Rhiannon Chavez

Confessions of Fatherhood

He tells me secrets.

He stands in front of the whiteboard, or sits on top of the desk with his legs swinging, or jumps up and starts pointing out the window. Poking the air and stuttering and laughing.

He brings his coffee in a sunset water bottle. And pours it into a clear glass mug every time it runs low.

He puts open books face down so that their spines crack, and types up advice on his laptop at two in the morning to read aloud some afternoons.

He wears basketball shoes and red sweatpants, a cowboy blazer. Comes in with stories of Dollar Tree women and his grandpa down south. 

He has two rings, one on each hand. One wedding, one mystery.

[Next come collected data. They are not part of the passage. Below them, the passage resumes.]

lemma initial_sc_frozen:
  assumes "initial_sc n E U" "u \<in> U"
  shows "frozen (card U + beta n E) u"
proof (cases "trivial_sc E U")
  case True
  then obtain s where "U = {s}" "s < n" "\<forall>j. (j, s) \<notin> arcs E"
    using trivial_initial_sc_source[OF assms(1)] by blast
  then have "frozen (Suc 0) u" using assms(2) by (auto simp: source_def intro: frozen.source)
  then show ?thesis using \<open>U = {s}\<close> by (auto intro: frozen_mono)
next
  case False
  then have "beta n E = 1" using assms(1) by (auto simp: beta_def basic_def)
  then show ?thesis using nontrivial_initial_sc_frozen[OF assms(1) False assms(2)] by simp
qed

end

section \<open>Distances to initial components\<close>

lemma sd_dist_enatD: "sd_dist E j i = enat d \<Longrightarrow> (j, i) \<in> arcs E ^^ d"
  unfolding sd_dist_def by (metis LeastI_ex enat.distinct(1) enat.inject rtrancl_power)

lemma sd_dist_set_attained:
  assumes "finite U" "U \<noteq> {}"
  obtains u where "u \<in> U" "sd_dist_set E U i = sd_dist E u i"
proof -
  have "sd_dist_set E U i \<in> (\<lambda>j. sd_dist E j i) ` U"
    unfolding sd_dist_set_def using assms by (intro Min_in) auto
  then show ?thesis using that by blast
qed

lemma sd_dist_set_le: "finite U \<Longrightarrow> u \<in> U \<Longrightarrow> sd_dist_set E U i \<le> sd_dist E u i"
  unfolding sd_dist_set_def by simp

context signed_digraph
begin

definition initial_dist :: "nat \<Rightarrow> enat" where
  "initial_dist i = Min ((\<lambda>U. sd_dist_set E U i + enat (card U)) ` {U. initial_sc n E U})"

lemma lambda_G_eq_Max: "lambda_G n E = Max (initial_dist ` {0..<n})"
  by (simp add: lambda_G_def initial_dist_def)

lemma initial_dist_witness:
  assumes "i < n"
  obtains U u d where "initial_sc n E U" "u \<in> U" "(u, i) \<in> arcs E ^^ d"
    and "initial_dist i = enat (d + card U)"
proof -
  let ?D = "(\<lambda>U. sd_dist_set E U i + enat (card U)) ` {U. initial_sc n E U}"
  obtain U0 u0 where U0: "initial_sc n E U0" "u0 \<in> U0" "(u0, i) \<in> (arcs E)\<^sup>*"
    using ex_initial_sc_reaching[OF assms] .
  have "finite ?D" using finite_initial_scs by simp
  have "initial_dist i \<le> sd_dist_set E U0 i + enat (card U0)"
    unfolding initial_dist_def using \<open>finite ?D\<close> U0(1) by (intro Min_le) auto
  also have "\<dots> \<le> sd_dist E u0 i + enat (card U0)"
    using sd_dist_set_le[OF finite_initial_sc[OF U0(1)] U0(2)] by (rule add_right_mono)
  also have "\<dots> < \<infinity>"
    using U0(3) by (simp add: sd_dist_def)
  finally have finite_dist: "initial_dist i < \<infinity>" .
  have "initial_dist i \<in> ?D"
    unfolding initial_dist_def using \<open>finite ?D\<close> U0(1) by (intro Min_in) auto
  then obtain U where U: "initial_sc n E U" "initial_dist i = sd_dist_set E U i + enat (card U)"
    by blast
  obtain u where u: "u \<in> U" "sd_dist_set E U i = sd_dist E u i"
    using sd_dist_set_attained[OF finite_initial_sc[OF U(1)] initial_scD(2)[OF U(1)]] .
  obtain d where "sd_dist E u i = enat d"
    using finite_dist U(2) u(2) by (cases "sd_dist E u i") auto
  then show ?thesis
    using that[OF U(1) u(1) sd_dist_enatD] U(2) u(2) by simp
qed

It’s black and on his middle finger. 

He lets the nails on his right hand grow long. Maybe for guitar picking or forgetfulness.

He told me I could sleep on his front lawn if I was ever drunk enough. 

He told me if I had no one to come back to I could eat vegetarian food in his dining room.

He’s not mine. He never sent me pictures of whales in Washington. He never drove me down the street to get tortas. He never brushed my hair at the beach. He never built me a blue swing. He never died. He never moved away.

I told him my snow secrets one night. He said they were beautiful. Like whispering voices, like having a conversation. 

So he told me his air secrets. Floating and twirling, there for the taking. I said they were beautiful. I said I would try to use them, catch them in my palms and turn them into things I could see. Things I could feel. 

I believed he could be something to me once. A step-man on the beach, a shape on the couch, a god in green, a poet from the future.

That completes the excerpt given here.